* _THE DATA_
(* Let $V\subset\mathbb{R}^d$ be a finite non-degenerate antichain and let $p\in S_V$ be a generated point. Then $p$ is a characteristic point if and only if there are no minima $u,v\in D_p$ with $T_p(u)\subsetneq T_p(v)$.
   Context: For $x,y\in\mathbb{R}^d$, $x\le y$ (dominance order) means $x_i\le y_i$ for all $i$; $y\rhd x$ means $y_i>x_i$ for all $i$; $y\rhd_i x$ means $y_i=x_i$ and $y_j>x_j$ for all $j\neq i$. The join is the componentwise maximum. $V\subset\mathbb{R}^d$ is a finite antichain in the dominance order (elements are called minima). The orthogonal surface $S_V$ is the topological boundary of $\langle V\rangle=\{x: x\ge v\text{ for some }v\in V\}$; equivalently $p\in S_V$ iff there is $v\in V$ with $v\le p$ and no $w\in V$ with $p\rhd w$. For $p\in S_V$, $D_p=\{v\in V:v\le p\}$ and for $v\in D_p$, $T_p(v)=\{i: p_i=v_i\}$. A generated point is a point $p\in S_V$ equal to $\bigvee G$ for some nonempty $G\subseteq V$. Flats: $U_i(v)=\{p\in S_V: p\rhd_i v\}$; for $v,w\in V$ put $v\sim_i w$ iff $U_i(v)\cap U_i(w)\neq\emptyset$, and let $\sim_i^c$ be the reflexive–transitive closure; the $i$-flat of $v$ is $F_i(v)=\overline{\bigcup_{w\sim_i^c v}U_i(w)}$ (topological closure), and an $i$-flat is any set of this form. A characteristic point is a point of $S_V$ that lies in some $i$-flat for every $i\in\{1,\dots,d\}$. $V$ (and $S_V$) is degenerate if there exist a characteristic point $p$, minima $x,u,v\in D_p$ and coordinates $i\neq j$ with $u_i<v_i=x_i=p_i$ and $v_j<u_j=x_j=p_j$; otherwise $V$ is non-degenerate. *)

theory Defs
  imports "HOL-Analysis.Analysis"
begin

text \<open>Points of R^d are modelled as vectors of type real ^ 'd, coordinates indexed
by the finite type 'd (so d = CARD('d)).\<close>

definition dom_le :: "real ^ 'd \<Rightarrow> real ^ 'd \<Rightarrow> bool" where
  "dom_le x y \<longleftrightarrow> (\<forall>i. x $ i \<le> y $ i)"

definition dom_gt :: "real ^ 'd \<Rightarrow> real ^ 'd \<Rightarrow> bool" where
  "dom_gt y x \<longleftrightarrow> (\<forall>i. y $ i > x $ i)"

definition dom_gt_i :: "'d \<Rightarrow> real ^ 'd \<Rightarrow> real ^ 'd \<Rightarrow> bool" where
  "dom_gt_i i y x \<longleftrightarrow> y $ i = x $ i \<and> (\<forall>j. j \<noteq> i \<longrightarrow> y $ j > x $ j)"

definition join :: "(real ^ 'd) set \<Rightarrow> real ^ 'd" where
  "join G = (\<chi> i. Max ((\<lambda>v. v $ i) ` G))"

definition antichain :: "(real ^ 'd) set \<Rightarrow> bool" where
  "antichain V \<longleftrightarrow> (\<forall>v\<in>V. \<forall>w\<in>V. dom_le v w \<longrightarrow> v = w)"

definition surface :: "(real ^ 'd) set \<Rightarrow> (real ^ 'd) set" where
  "surface V = {p. (\<exists>v\<in>V. dom_le v p) \<and> \<not> (\<exists>w\<in>V. dom_gt p w)}"

definition Dp :: "(real ^ 'd) set \<Rightarrow> real ^ 'd \<Rightarrow> (real ^ 'd) set" where
  "Dp V p = {v\<in>V. dom_le v p}"

definition Tp :: "real ^ 'd \<Rightarrow> real ^ 'd \<Rightarrow> 'd set" where
  "Tp p v = {i. p $ i = v $ i}"

definition generated :: "(real ^ 'd) set \<Rightarrow> real ^ 'd \<Rightarrow> bool" where
  "generated V p \<longleftrightarrow> p \<in> surface V \<and> (\<exists>G. G \<noteq> {} \<and> G \<subseteq> V \<and> p = join G)"

definition Uflat :: "(real ^ 'd) set \<Rightarrow> 'd \<Rightarrow> real ^ 'd \<Rightarrow> (real ^ 'd) set" where
  "Uflat V i v = {p \<in> surface V. dom_gt_i i p v}"

definition sim_rel :: "(real ^ 'd) set \<Rightarrow> 'd \<Rightarrow> ((real ^ 'd) \<times> (real ^ 'd)) set" where
  "sim_rel V i = {(v, w). v \<in> V \<and> w \<in> V \<and> Uflat V i v \<inter> Uflat V i w \<noteq> {}}"

definition simc :: "(real ^ 'd) set \<Rightarrow> 'd \<Rightarrow> ((real ^ 'd) \<times> (real ^ 'd)) set" where
  "simc V i = (sim_rel V i)\<^sup>*"

definition flat :: "(real ^ 'd) set \<Rightarrow> 'd \<Rightarrow> real ^ 'd \<Rightarrow> (real ^ 'd) set" where
  "flat V i v = closure (\<Union> {Uflat V i w | w. w \<in> V \<and> (v, w) \<in> simc V i})"

definition is_flat :: "(real ^ 'd) set \<Rightarrow> 'd \<Rightarrow> (real ^ 'd) set \<Rightarrow> bool" where
  "is_flat V i F \<longleftrightarrow> (\<exists>v\<in>V. F = flat V i v)"

definition characteristic :: "(real ^ 'd) set \<Rightarrow> real ^ 'd \<Rightarrow> bool" where
  "characteristic V p \<longleftrightarrow> p \<in> surface V \<and> (\<forall>i. \<exists>F. is_flat V i F \<and> p \<in> F)"

definition degenerate :: "(real ^ 'd) set \<Rightarrow> bool" where
  "degenerate V \<longleftrightarrow> (\<exists>p x u v i j. characteristic V p \<and> x \<in> Dp V p \<and> u \<in> Dp V p \<and> v \<in> Dp V p
      \<and> i \<noteq> j \<and> u $ i < v $ i \<and> v $ i = x $ i \<and> x $ i = p $ i
      \<and> v $ j < u $ j \<and> u $ j = x $ j \<and> x $ j = p $ j)"

end

theory Submission
  imports Defs
begin

text \<open>Since there are only finitely many minima, an \<open>i\<close>-flat is a finite union of closures
of sets \<open>U\<^sub>i(w)\<close>, so \<open>p\<close> is characteristic iff for every \<open>i\<close> it lies in the closure of
some \<open>U\<^sub>i(w)\<close>; such a \<open>w\<close> lies in \<open>D\<^sub>p\<close> with \<open>w\<^sub>i = p\<^sub>i\<close>.

If \<open>T\<^sub>p(u) \<subset> T\<^sub>p(v)\<close>, take \<open>i \<in> T\<^sub>p(v) - T\<^sub>p(u)\<close> and such a \<open>w\<close>. Points \<open>q \<in> U\<^sub>i(w)\<close> close to \<open>p\<close>
exceed \<open>u\<close> outside \<open>T\<^sub>p(u)\<close>, yet do not strictly dominate \<open>u\<close>; so some \<open>j \<in> T\<^sub>p(u)\<close>, \<open>j \<noteq> i\<close>,
has \<open>w\<^sub>j < q\<^sub>j \<le> u\<^sub>j = p\<^sub>j\<close>, and \<open>v, u, w, i, j\<close> witness degeneracy.

Conversely, a generating minimum \<open>v\<close> with \<open>v\<^sub>i = p\<^sub>i\<close> lies in \<open>D\<^sub>p\<close>. Raising \<open>p\<close> by a small
\<open>t > 0\<close> on the coordinates \<open>T\<^sub>p(v) - {i}\<close> gives a point of \<open>U\<^sub>i(v)\<close>: a minimum strictly below
it would lie in \<open>D\<^sub>p\<close> with \<open>T\<^sub>p\<close> strictly inside \<open>T\<^sub>p(v)\<close>. Letting \<open>t \<rightarrow> 0\<close> puts \<open>p\<close> in the
closure of \<open>U\<^sub>i(v)\<close>.\<close>

lemma closure_Uflat_subset:
  "closure (Uflat V i w) \<subseteq> {x. dom_le w x \<and> x $ i = w $ i}"
proof (rule closure_minimal)
  show "Uflat V i w \<subseteq> {x. dom_le w x \<and> x $ i = w $ i}"
    unfolding Uflat_def dom_gt_i_def dom_le_def by (auto intro: less_imp_le) (metis order_refl less_imp_le)
  show "closed {x. dom_le w x \<and> x $ i = w $ i}"
    unfolding dom_le_def
    by (intro closed_Collect_conj closed_Collect_all closed_Collect_eq closed_Collect_le continuous_intros)
qed

lemma closure_Uflat_subset_flat:
  assumes "w \<in> V"
  shows "closure (Uflat V i w) \<subseteq> flat V i w"
  unfolding flat_def simc_def using assms by (intro closure_mono) blast

lemma flat_subset_closure_Uflat:
  assumes "finite V"
  shows "flat V i v \<subseteq> (\<Union>w\<in>V. closure (Uflat V i w))"
  unfolding flat_def
proof (rule closure_minimal)
  show "\<Union> {Uflat V i w | w. w \<in> V \<and> (v, w) \<in> simc V i} \<subseteq> (\<Union>w\<in>V. closure (Uflat V i w))"
    using closure_subset by blast
  show "closed (\<Union>w\<in>V. closure (Uflat V i w))"
    using assms by (intro closed_UN) auto
qed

* _WHAT IS NEEDED_
Go through the records above and, whenever a line includes the word "imports", copy it.

* _EXPECTED ANSWER_
  imports "HOL-Analysis.Analysis"
  imports Defs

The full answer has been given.